Problem to work on:
Copy all lines holding the word "bool" from the entries.

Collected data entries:

text \<open>A multilinear polynomial over R^n (variables indexed 0..n-1) is represented by its
  coefficient function c :: nat set => real (c S is the coefficient of the monomial prod_{i in S} x_i).\<close>

definition is_mlpoly :: "nat \<Rightarrow> nat \<Rightarrow> (nat set \<Rightarrow> real) \<Rightarrow> bool" where
  "is_mlpoly n d c \<longleftrightarrow> (\<forall>S. c S \<noteq> 0 \<longrightarrow> S \<subseteq> {..<n} \<and> card S \<le> d)"

definition sparsity :: "(nat set \<Rightarrow> real) \<Rightarrow> nat" where
  "sparsity c = card {S. c S \<noteq> 0}"

definition mlpoly_eval :: "nat \<Rightarrow> (nat set \<Rightarrow> real) \<Rightarrow> (nat \<Rightarrow> real) \<Rightarrow> real" where
  "mlpoly_eval n c x = (\<Sum>S\<in>Pow {..<n}. c S * (\<Prod>i\<in>S. x i))"

definition poly_distr :: "real pmf \<Rightarrow> nat \<Rightarrow> (nat set \<Rightarrow> real) \<Rightarrow> real pmf" where
  "poly_distr X n c = map_pmf (mlpoly_eval n c) (Pi_pmf {..<n} 0 (\<lambda>_. X))"

definition gap_pair :: "real pmf \<Rightarrow> nat \<Rightarrow> nat \<Rightarrow> nat \<Rightarrow> bool" where
  "gap_pair X d s t \<longleftrightarrow> (\<exists>n p q. is_mlpoly n d p \<and> is_mlpoly n d q \<and>
      sparsity p = s \<and> sparsity q = t \<and> poly_distr X n p = poly_distr X n q)"

definition Max_Sparsity_Gap :: "real pmf \<Rightarrow> nat \<Rightarrow> nat \<Rightarrow> nat" where
  "Max_Sparsity_Gap X d s = Max {t. gap_pair X d s t}"

definition Phi :: "nat \<Rightarrow> nat \<Rightarrow> nat \<Rightarrow> nat" where
  "Phi d s l = 2 ^ (2 * d^2 * (l ^ (d * s) + 3))"

end

theory Submission
  imports Defs
begin

text \<open>
  If p(X^n) and q(X^n) have the same distribution, they have the same set of values on
  supp(X)^n. Since p involves at most d s variables, this set has at most L = l^(d s)
  elements, so q takes at most L values on the cube {a, b}^n for any two support points
  a \<noteq> b (these exist because X has positive variance). A multilinear polynomial of degree d
  with at most L values on such a cube depends on few variables. Its partial derivatives
  are difference quotients along cube edges, so they have at most L^2 values and, by
  induction on d, each depends on few variables. Greedily one finds a large set I of
  variables none of whose derivatives involves another variable of I. By the
  Schwartz--Zippel count each nonzero derivative is nonzero at a 2^-(d-1) fraction of the
  cube, so at some point many derivatives along I are nonzero. Flipping these coordinates
  one at a time changes q by fixed nonzero amounts, producing more distinct values than
  there are flipped coordinates. This bounds the number of variables of q, and hence its
  sparsity, by a function of d and L alone.
\<close>

section \<open>Subset sums, averaging and independent sets\<close>

lemma sum_Pow_insert:
  assumes "finite A" "v \<notin> A"
  shows "(\<Sum>S\<in>Pow (insert v A). f S) = (\<Sum>S\<in>Pow A. f S + f (insert v S))"
proof -
  have "(\<Sum>S\<in>Pow (insert v A). f S) = (\<Sum>S\<in>Pow A. f S) + (\<Sum>S\<in>insert v ` Pow A. f S)"
    unfolding Pow_insert by (rule sum.union_disjoint) (use assms in auto)
  also have "(\<Sum>S\<in>insert v ` Pow A. f S) = (\<Sum>S\<in>Pow A. f (insert v S))"
    by (rule sum.reindex_cong[where l = "insert v"]) (use assms in \<open>auto simp: inj_on_def\<close>)
  finally show ?thesis
    by (simp add: sum.distrib)
qed

lemma card_subset_sums_ge:
  fixes w :: "'a \<Rightarrow> 'b::linordered_ab_group_add"
  assumes "finite P" "\<forall>i\<in>P. w i \<noteq> 0"
  shows "card P + 1 \<le> card (sum w ` Pow P)"
  using assms
proof (induction P rule: finite_induct)
  case empty
  then show ?case by simp
next
  case (insert x P)
  let ?S = "sum w ` Pow P"
  have fin: "finite ?S" and ne: "?S \<noteq> {}"
    using insert.hyps by auto
  have shifted: "(+) (w x) ` ?S \<subseteq> sum w ` Pow (insert x P)"
  proof
    fix y assume "y \<in> (+) (w x) ` ?S"
    then obtain U where U: "U \<subseteq> P" "y = w x + sum w U"
      by auto
    then have "y = sum w (insert x U)"
      using insert.hyps finite_subset by (subst sum.insert) auto
    then show "y \<in> sum w ` Pow (insert x P)"
      using U(1) by blast
  qed
  obtain y where y: "y \<in> (+) (w x) ` ?S" "y \<notin> ?S"
  proof (cases "w x > 0")
    case True
    have "z < w x + Max ?S" if "z \<in> ?S" for z
      using add_strict_increasing[OF True Max_ge[OF fin that]] .
    then have "w x + Max ?S \<notin> ?S"
      by blast
    then show ?thesis
      using that Max_in[OF fin ne] by blast
  next
    case False
    then have "w x < 0"
      using insert.prems by (simp add: neq_iff)
    then have "w x + Min ?S < z" if "z \<in> ?S" for z
      using add_less_le_mono[OF \<open>w x < 0\<close> Min_le[OF fin that]] by simp
    then have "w x + Min ?S \<notin> ?S"
      by blast
    then show ?thesis
      using that Min_in[OF fin ne] by blast
  qed
  have "insert y ?S \<subseteq> sum w ` Pow (insert x P)"
    using y(1) shifted by (auto simp: Pow_insert)
  then have "card (insert y ?S) \<le> card (sum w ` Pow (insert x P))"
    by (rule card_mono[rotated]) (use insert.hyps in simp)
  moreover have "card (insert y ?S) = card ?S + 1"
    using fin y(2) by simp
  moreover have "card P + 1 \<le> card ?S"
    using insert.IH insert.prems by simp
  ultimately show ?case
    using insert.hyps by simp
qed

lemma exists_element_in_many:
  assumes "finite I" "finite X" "X \<noteq> {}"
    and often: "\<forall>i\<in>I. card X \<le> K * card {x\<in>X. Q i x}"
  shows "\<exists>x\<in>X. card I \<le> K * card {i\<in>I. Q i x}"
proof (rule ccontr)
  assume "\<not> ?thesis"
  then have few: "\<forall>x\<in>X. K * card {i\<in>I. Q i x} < card I"
    by (auto simp: not_le)
  have double_count: "(\<Sum>i\<in>I. card {x\<in>X. Q i x}) = (\<Sum>x\<in>X. card {i\<in>I. Q i x})"
    using sum.swap_restrict[OF assms(1,2), of "\<lambda>_ _. 1::nat" Q] by simp
  have "card X * card I = (\<Sum>i\<in>I. card X)"
    by simp
  also have "\<dots> \<le> (\<Sum>i\<in>I. K * card {x\<in>X. Q i x})"
    using often by (intro sum_mono) auto
  also have "\<dots> = (\<Sum>x\<in>X. K * card {i\<in>I. Q i x})"
    by (simp add: sum_distrib_left[symmetric] double_count)
  also have "\<dots> < (\<Sum>x\<in>X. card I)"
    using few assms(2,3) by (intro sum_strict_mono) auto
  finally show False
    by simp
qed

lemma exists_large_independent_set:
  assumes "finite V"
    and "\<And>i. i \<in> V \<Longrightarrow> finite (nb i)"
    and "\<And>i. i \<in> V \<Longrightarrow> card (nb i) \<le> D"
    and "\<And>i. i \<in> V \<Longrightarrow> i \<notin> nb i"
    and "\<And>i j. i \<in> V \<Longrightarrow> j \<in> V \<Longrightarrow> j \<in> nb i \<Longrightarrow> i \<in> nb j"
  shows "\<exists>I\<subseteq>V. card V \<le> (D + 1) * card I \<and> (\<forall>i\<in>I. nb i \<inter> I = {})"
  using assms
proof (induction "card V" arbitrary: V rule: less_induct)
  case less
  show ?case
  proof (cases "V = {}")
    case True
    then show ?thesis by auto
  next
    case False
    then obtain i where i: "i \<in> V"
      by auto
    define V' where "V' = V - insert i (nb i)"
    have sub: "V' \<subseteq> V"
      unfolding V'_def by blast
    have "\<exists>I'\<subseteq>V'. card V' \<le> (D + 1) * card I' \<and> (\<forall>j\<in>I'. nb j \<inter> I' = {})"
    proof (rule less.hyps)
      show "card V' < card V"
        using i less.prems(1) unfolding V'_def by (intro psubset_card_mono) auto
      show "finite V'"
        using sub less.prems(1) by (rule finite_subset)
    qed (use sub less.prems in blast)+
    then obtain I' where I': "I' \<subseteq> V'" "card V' \<le> (D + 1) * card I'"
      "\<forall>j\<in>I'. nb j \<inter> I' = {}"
      by blast
    have fin_nb: "finite (nb i)"
      using less.prems(2) i .
    have "card V \<le> card (V' \<union> insert i (nb i))"
      using less.prems(1) fin_nb unfolding V'_def by (intro card_mono) auto
    also have "\<dots> \<le> card V' + card (insert i (nb i))"
      by (rule card_Un_le)
    also have "card (insert i (nb i)) \<le> D + 1"
      using less.prems(3)[OF i] fin_nb by (simp add: card_insert_if)
    finally have "card V \<le> card V' + (D + 1)"
      by simp
    moreover have "i \<notin> I'" "finite I'"
      using I'(1) less.prems(1) finite_subset[of I' V] unfolding V'_def by auto
    moreover have "nb i \<inter> I' = {}" "\<forall>j\<in>I'. i \<notin> nb j"
      using I'(1) less.prems(5) i unfolding V'_def by auto
    ultimately show ?thesis
      using I' i sub less.prems(4)[OF i]
      by (intro exI[of _ "insert i I'"]) auto
  qed
qed

lemma card_le_twice_card_without:
  assumes "finite Z" "\<And>T. T \<in> Z \<Longrightarrow> T - {v} \<in> Z"
  shows "card Z \<le> 2 * card {T\<in>Z. v \<notin> T}"
proof -
  let ?Z' = "{T\<in>Z. v \<notin> T}"
  have "Z \<subseteq> ?Z' \<union> insert v ` ?Z'"
  proof
    fix T assume "T \<in> Z"
    then show "T \<in> ?Z' \<union> insert v ` ?Z'"
      using assms(2)[of T] by (cases "v \<in> T") (auto simp: image_iff insert_absorb)
  qed
  then have "card Z \<le> card (?Z' \<union> insert v ` ?Z')"
    using assms(1) by (intro card_mono) auto
  also have "\<dots> \<le> card ?Z' + card (insert v ` ?Z')"
    by (rule card_Un_le)
  also have "\<dots> \<le> 2 * card ?Z'"
    using card_image_le[of ?Z' "insert v"] assms(1) by simp
  finally show ?thesis .
qed

section \<open>Multilinear polynomials\<close>

definition mlpoly_vars :: "(nat set \<Rightarrow> real) \<Rightarrow> nat set" where
  "mlpoly_vars c = \<Union>{S. c S \<noteq> 0}"

definition mlpoly_deriv :: "nat \<Rightarrow> (nat set \<Rightarrow> real) \<Rightarrow> nat set \<Rightarrow> real" where
  "mlpoly_deriv v c S = (if v \<in> S then 0 else c (insert v S))"

lemma mem_mlpoly_vars_iff: "i \<in> mlpoly_vars c \<longleftrightarrow> (\<exists>S. c S \<noteq> 0 \<and> i \<in> S)"
  unfolding mlpoly_vars_def by auto

lemma mlpoly_vars_subset: "is_mlpoly n d c \<Longrightarrow> mlpoly_vars c \<subseteq> {..<n}"
  unfolding is_mlpoly_def mlpoly_vars_def by auto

Solved exercise:
definition is_mlpoly :: "nat \<Rightarrow> nat \<Rightarrow> (nat set \<Rightarrow> real) \<Rightarrow> bool" where
definition gap_pair :: "real pmf \<Rightarrow> nat \<Rightarrow> nat \<Rightarrow> nat \<Rightarrow> bool" where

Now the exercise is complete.